■ Dataset records:
lemma cos_sin_moment_1:
  "cos_sin_moment 1 k = (if \<bar>k\<bar> = 1 then 0 else (1 + cos (k * pi)) / (1 - k ^ 2))"
proof -
  define z where "z = (1 + k) / 2"
  define G where "G = rGamma (z + 1) * rGamma (1 - z + 1)"
  have "pi * z = pi / 2 + k * pi / 2"
    by (simp add: z_def field_simps)
  then have "sin (pi * z) = cos (k * pi / 2)"
    by (simp add: sin_add)
  moreover have "z * rGamma (z + 1) * ((1 - z) * rGamma (1 - z + 1)) = sin (pi * z) / pi"
    by (simp only: rGamma_plus1 rGamma_reflection_real)
  ultimately have G: "z * (1 - z) * G = cos (k * pi / 2) / pi"
    by (simp add: G_def ac_simps)
  have moment: "cos_sin_moment 1 k = pi / 2 * cos (k * pi / 2) * G"
    by (simp add: cos_sin_moment_def G_def z_def add_divide_distrib diff_divide_distrib)
  have "(1 - k ^ 2) * cos_sin_moment 1 k = 2 * pi * cos (k * pi / 2) * (z * (1 - z) * G)"
    unfolding moment by (simp add: z_def field_simps power2_eq_square)
  also have "\<dots> = 2 * cos (k * pi / 2) ^ 2"
    by (simp add: G power2_eq_square)
  also have "\<dots> = 1 + cos (k * pi)"
    using cos_double_cos[of "k * pi / 2"] by simp
  finally have "(1 - k ^ 2) * cos_sin_moment 1 k = 1 + cos (k * pi)" .
  moreover have "cos_sin_moment 1 k = 0" if "\<bar>k\<bar> = 1"
    using that by (auto simp: cos_sin_moment_def abs_if split: if_splits)
  moreover have "1 - k ^ 2 \<noteq> 0" if "\<bar>k\<bar> \<noteq> 1"
    using that abs_square_eq_1[of k] by auto
  ultimately show ?thesis
    by (auto simp: field_simps)
qed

■ Assignment:
Nothing but the lines from the one with "z) = cos (k" through the last line of the entries should be repeated, and those exactly.

■ Response for this exercise:
  then have "sin (pi * z) = cos (k * pi / 2)"
    by (simp add: sin_add)
  moreover have "z * rGamma (z + 1) * ((1 - z) * rGamma (1 - z + 1)) = sin (pi * z) / pi"
    by (simp only: rGamma_plus1 rGamma_reflection_real)
  ultimately have G: "z * (1 - z) * G = cos (k * pi / 2) / pi"
    by (simp add: G_def ac_simps)
  have moment: "cos_sin_moment 1 k = pi / 2 * cos (k * pi / 2) * G"
    by (simp add: cos_sin_moment_def G_def z_def add_divide_distrib diff_divide_distrib)
  have "(1 - k ^ 2) * cos_sin_moment 1 k = 2 * pi * cos (k * pi / 2) * (z * (1 - z) * G)"
    unfolding moment by (simp add: z_def field_simps power2_eq_square)
  also have "\<dots> = 2 * cos (k * pi / 2) ^ 2"
    by (simp add: G power2_eq_square)
  also have "\<dots> = 1 + cos (k * pi)"
    using cos_double_cos[of "k * pi / 2"] by simp
  finally have "(1 - k ^ 2) * cos_sin_moment 1 k = 1 + cos (k * pi)" .
  moreover have "cos_sin_moment 1 k = 0" if "\<bar>k\<bar> = 1"
    using that by (auto simp: cos_sin_moment_def abs_if split: if_splits)
  moreover have "1 - k ^ 2 \<noteq> 0" if "\<bar>k\<bar> \<noteq> 1"
    using that abs_square_eq_1[of k] by auto
  ultimately show ?thesis
    by (auto simp: field_simps)
qed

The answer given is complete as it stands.